R2- System administrators only have to commit changes to the configuration files in the right branch in order to modify an envinroment's configuration.

R3- There isn't a configuration file per application but a single "source of truth": the global.config file. There is no way you can get two different values for the same key.

R4- There are no limits to what you can place in a text file. The only requirement is that the keys are the same for all the files, otherwise the applications won't find the resources they are asking for. That should be flexible enough and some naming conventions can make it simple.

R5- Build an API to access the configuration values. Make it very transparent to users.

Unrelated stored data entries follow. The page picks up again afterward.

(* Let $X$ be a real Banach space having Efremov's property $(\mathcal{E})$. Then $S_1(Y)=X^*$ for every norming linear subspace $Y\subset X^*$. Consequently, $X$ is fully Mazur.
   Context: For $A\subset X^*$, $S_1(A)$ denotes the set of all limits of $w^*$-convergent sequences contained in $A$. $X$ has Efremov's property $(\mathcal{E})$ if $S_1(C)=\overline{C}^{w^*}$ for every convex bounded set $C\subset X^*$. A linear subspace $Y\subset X^*$ is norming if $|||x|||=\sup\{x^*(x): x^*\in Y,\ \|x^*\|\le 1\}$ defines an equivalent norm on $X$. $X$ is fully Mazur if for every norming and norm-closed subspace $Y\subset X^*$, every $w^*$-sequentially continuous linear functional $f:Y\to\mathbb{R}$ is $w^*$-continuous. *)

theory Defs
  imports "HOL-Analysis.Analysis"
begin

text \<open>The dual X* of a real Banach space X is modelled as the type of bounded linear
functionals 'a \<Rightarrow>L real.\<close>

definition weak_star_topology :: "('a::real_normed_vector \<Rightarrow>\<^sub>L real) topology" where
  "weak_star_topology =
     topology_generated_by {{f. blinfun_apply f x \<in> U} | x U. open U}"

definition S1 :: "('a::real_normed_vector \<Rightarrow>\<^sub>L real) set \<Rightarrow> ('a \<Rightarrow>\<^sub>L real) set" where
  "S1 A = {f. \<exists>s. (\<forall>n. s n \<in> A) \<and> limitin weak_star_topology s f sequentially}"

definition efremov_property :: "'a::real_normed_vector itself \<Rightarrow> bool" where
  "efremov_property _ \<longleftrightarrow>
     (\<forall>C :: ('a \<Rightarrow>\<^sub>L real) set. convex C \<and> bounded C \<longrightarrow>
        S1 C = weak_star_topology closure_of C)"

definition norming :: "('a::real_normed_vector \<Rightarrow>\<^sub>L real) set \<Rightarrow> bool" where
  "norming Y \<longleftrightarrow> subspace Y \<and>
     (\<exists>c C. 0 < c \<and> 0 < C \<and>
        (\<forall>x::'a. c * norm x \<le> (SUP f\<in>{f\<in>Y. norm f \<le> 1}. blinfun_apply f x) \<and>
                 (SUP f\<in>{f\<in>Y. norm f \<le> 1}. blinfun_apply f x) \<le> C * norm x))"

definition linear_on :: "('a::real_vector) set \<Rightarrow> ('a \<Rightarrow> real) \<Rightarrow> bool" where
  "linear_on Y g \<longleftrightarrow>
     (\<forall>a\<in>Y. \<forall>b\<in>Y. g (a + b) = g a + g b) \<and> (\<forall>a\<in>Y. \<forall>r. g (r *\<^sub>R a) = r * g a)"

definition wstar_seq_continuous_on ::
  "('a::real_normed_vector \<Rightarrow>\<^sub>L real) set \<Rightarrow> (('a \<Rightarrow>\<^sub>L real) \<Rightarrow> real) \<Rightarrow> bool" where
  "wstar_seq_continuous_on Y g \<longleftrightarrow>
     (\<forall>s y. (\<forall>n. s n \<in> Y) \<and> y \<in> Y \<and> limitin weak_star_topology s y sequentially
        \<longrightarrow> (\<lambda>n. g (s n)) \<longlonglongrightarrow> g y)"

definition fully_mazur :: "'a::real_normed_vector itself \<Rightarrow> bool" where
  "fully_mazur _ \<longleftrightarrow>
     (\<forall>(Y :: ('a \<Rightarrow>\<^sub>L real) set) g. norming Y \<and> closed Y \<and> linear_on Y g \<and>
        wstar_seq_continuous_on Y g \<longrightarrow>
        continuous_map (subtopology weak_star_topology Y) euclideanreal g)"

end

theory Submission
  imports Defs
begin

text \<open>If \<open>Y\<close> is \<open>c\<close>-norming, a finite-dimensional Hahn--Banach argument shows that
  \<open>Y \<inter> R B\<^sub>X\<^sub>*\<close> is weak* dense in the ball of radius \<open>c R\<close>; property (E) turns weak*
  closure points of this bounded convex set into limits of sequences, so \<open>S\<^sub>1(Y) = X\<^sup>*\<close>.

  For a weak* sequentially continuous linear \<open>g\<close> on \<open>Y\<close> and \<open>\<epsilon> > 0\<close>, no sequence in the
  convex set \<open>{y \<in> B\<^sub>Y. g y \<ge> \<epsilon>}\<close> weak* converges to \<open>0\<close>, so by (E) \<open>0\<close> is not in its weak* closure:
  \<open>g < \<epsilon>\<close> on \<open>B\<^sub>Y \<inter> F\<^sup>\<bottom>\<close> for some finite \<open>F \<subseteq> X\<close>. Hahn--Banach then gives \<open>z \<in> span F\<close>
  with \<open>|g y - y z| \<le> \<epsilon> \<parallel>y\<parallel>\<close> on \<open>Y\<close>. Since \<open>Y\<close> is norming these \<open>z\<close> form a Cauchy sequence as
  \<open>\<epsilon> \<rightarrow> 0\<close>; its limit represents \<open>g\<close>, which is therefore weak* continuous.\<close>

lemma topspace_weak_star_topology [simp]:
  "topspace (weak_star_topology :: ('a::real_normed_vector \<Rightarrow>\<^sub>L real) topology) = UNIV"
proof -
  have "UNIV \<in> {{f::'a \<Rightarrow>\<^sub>L real. blinfun_apply f x \<in> U} | x U. open U}"
    by auto
  then show ?thesis
    unfolding weak_star_topology_def topology_generated_by_topspace by blast
qed

lemma continuous_map_weak_star_evaluation:
  "continuous_map weak_star_topology euclideanreal (\<lambda>f::'a::real_normed_vector \<Rightarrow>\<^sub>L real. blinfun_apply f x)"
proof -
  have "openin weak_star_topology {f::'a \<Rightarrow>\<^sub>L real. blinfun_apply f x \<in> U}" if "open U" for U
    unfolding weak_star_topology_def by (rule topology_generated_by_Basis) (use that in blast)
  then show ?thesis
    by (auto simp: continuous_map_def)
qed

lemma openin_weak_star_contains_agreement_set:
  assumes "openin weak_star_topology T" "(f::'a::real_normed_vector \<Rightarrow>\<^sub>L real) \<in> T"
  shows "\<exists>F. finite F \<and> {h. \<forall>x\<in>F. blinfun_apply h x = blinfun_apply f x} \<subseteq> T"
proof -
  have "generate_topology_on {{f::'a \<Rightarrow>\<^sub>L real. blinfun_apply f x \<in> U} | x U. open U} T"
    using assms(1) unfolding weak_star_topology_def by (rule openin_topology_generated_by)
  then show ?thesis
    using assms(2)
  proof (induction arbitrary: f rule: generate_topology_on.induct)
    case Empty
    then show ?case by simp
  next
    case (Int a b)
    then obtain F1 F2 where "finite F1" "{h. \<forall>x\<in>F1. blinfun_apply h x = blinfun_apply f x} \<subseteq> a"
      and "finite F2" "{h. \<forall>x\<in>F2. blinfun_apply h x = blinfun_apply f x} \<subseteq> b"
      by (meson IntD1 IntD2)
    then show ?case
      by (intro exI[of _ "F1 \<union> F2"]) auto
  next
    case (UN K)
    then obtain k where "k \<in> K" "f \<in> k"
      by auto
    with UN.IH[of k f] show ?case
      by blast
  next
    case (Basis s)
    then obtain x U where "s = {f. blinfun_apply f x \<in> U}"
      by auto
    with Basis.prems show ?case
      by (intro exI[of _ "{x}"]) auto
  qed
qed

lemma in_weak_star_closure_ofI:
  fixes f :: "'a::real_normed_vector \<Rightarrow>\<^sub>L real"
  assumes "\<And>F. finite F \<Longrightarrow> \<exists>y\<in>A. \<forall>x\<in>F. blinfun_apply y x = blinfun_apply f x"
  shows "f \<in> weak_star_topology closure_of A"
  unfolding in_closure_of
  by (fastforce dest!: openin_weak_star_contains_agreement_set dest: assms)

definition sublinear_on :: "'a::real_vector set \<Rightarrow> ('a \<Rightarrow> real) \<Rightarrow> bool" where
  "sublinear_on V p \<longleftrightarrow>
     (\<forall>u\<in>V. \<forall>v\<in>V. p (u + v) \<le> p u + p v) \<and> (\<forall>u\<in>V. \<forall>r>0. p (r *\<^sub>R u) = r * p u)"

lemma linear_on_diff:
  assumes "subspace V" "linear_on V h" "u \<in> V" "v \<in> V"
  shows "h (u - v) = h u - h v"
proof -
  have "h (- v) = - h v"
    using assms(2,4) unfolding linear_on_def by (metis scaleR_minus1_left mult_minus1)
  then show ?thesis
    using assms unfolding linear_on_def by (metis diff_conv_add_uminus subspace_neg)
qed

lemma dominated_mod_kernel_of_level_bounds:
  fixes V :: "'v::real_vector set"
  assumes V: "subspace V" and e: "linear e" and h: "linear_on V h" and p: "sublinear_on V p"
    and ker: "\<And>v. v \<in> V \<Longrightarrow> e v = 0 \<Longrightarrow> h v \<le> p v"
    and up: "\<And>v. v \<in> V \<Longrightarrow> e v = 1 \<Longrightarrow> h v - p v \<le> c"
    and lo: "\<And>v. v \<in> V \<Longrightarrow> e v = 1 \<Longrightarrow> c \<le> h v + p (- v)"
    and v: "v \<in> V"
  shows "h v - c * e v \<le> p v"
proof -
  define u where "u = (1 / e v) *\<^sub>R v"
  have u: "u \<in> V" "h u = h v / e v"
    unfolding u_def using V v h by (auto simp: subspace_scale linear_on_def)
  have pscale: "p (r *\<^sub>R v) = r * p v" if "r > 0" for r
    using p v that unfolding sublinear_on_def by blast
  consider "e v > 0" | "e v < 0" | "e v = 0"
    by linarith
  then show ?thesis
  proof cases
    case 1
    then have "(h v - p v) / e v \<le> c"
      using up[of u] u pscale[of "1 / e v"] linear_scale[OF e]
      by (simp add: u_def diff_divide_distrib)
    with 1 show ?thesis
      by (simp add: divide_le_eq mult.commute)
  next
    case 2
    then have "c \<le> (h v - p v) / e v"
      using lo[of u] u pscale[of "- 1 / e v"] linear_scale[OF e]
      by (simp add: u_def diff_divide_distrib)
    with 2 show ?thesis
      by (simp add: le_divide_eq mult.commute)
  next
    case 3
    then show ?thesis
      using ker[OF v] by simp
  qed
qed

lemma dominated_mod_kernel:
  fixes V :: "'v::real_vector set"
  assumes V: "subspace V" and e: "linear e" and h: "linear_on V h" and p: "sublinear_on V p"
    and ker: "\<And>v. v \<in> V \<Longrightarrow> e v = 0 \<Longrightarrow> h v \<le> p v"
  shows "\<exists>c. \<forall>v\<in>V. h v - c * e v \<le> p v"
proof -
  have gap: "h v1 - p v1 \<le> h v2 + p (- v2)"
    if "v1 \<in> V" "v2 \<in> V" "e v1 = 1" "e v2 = 1" for v1 v2
  proof -
    have "h v1 - h v2 = h (v1 - v2)"
      using linear_on_diff[OF V h that(1,2)] by simp
    also have "\<dots> \<le> p (v1 - v2)"
      using that V e by (intro ker) (auto simp: subspace_diff linear_diff)
    also have "\<dots> \<le> p v1 + p (- v2)"
      using p that V unfolding sublinear_on_def by (metis diff_conv_add_uminus subspace_neg)
    finally show ?thesis
      by simp
  qed
  \<comment> \<open>By \<open>gap\<close>, such a \<open>c\<close> exists; if the level set \<open>e v = 1\<close> is empty, any \<open>c\<close> will do.\<close>
  obtain c where "\<And>v. v \<in> V \<Longrightarrow> e v = 1 \<Longrightarrow> h v - p v \<le> c"
    and "\<And>v. v \<in> V \<Longrightarrow> e v = 1 \<Longrightarrow> c \<le> h v + p (- v)"
  proof (cases "\<exists>w\<in>V. e w = 1")
    case True
    define A where "A = {h v - p v | v. v \<in> V \<and> e v = 1}"
    have "A \<noteq> {}" "bdd_above A"
      unfolding A_def bdd_above_def using gap True by blast+
    then show ?thesis
      using that[of "Sup A"] gap by (auto intro!: cSup_upper cSup_least simp: A_def)
  qed blast
  then show ?thesis
    using dominated_mod_kernel_of_level_bounds[OF V e h p ker] by blast
qed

Our client calls look like this: Environment.Current.GetDbConnectionString("MyKey"), which is very similar to AppSettings.ConnectionStrings["MyKey"].

R6- Using a very simple template for the values you can make your API to automatically handle this kind of security:

  • Have a users.config file where you have ApplicationIds -> User/Password.
  • Make your API request the running application to provide its ApplicationId before the application can access any configuration values: Environment.Initialize("MyAppId"); Any call to Environment.Current should fail if no ApplicationId has been provided.
  • Make your connection strings look like this:
    <add name="MyDB1" value="Data Source=stagingSQL;Initial Catalog=MyDB;User ID={user};Password={password}"/>
  • Finally, make your GetDbConnectionString load the ConnectionString, the ApplicationId -> User/Password values, and replace the placeholders with the actual values.
We have found this approach to be a very nice solution. Hope it helps you find your own, or you can use this one as it is.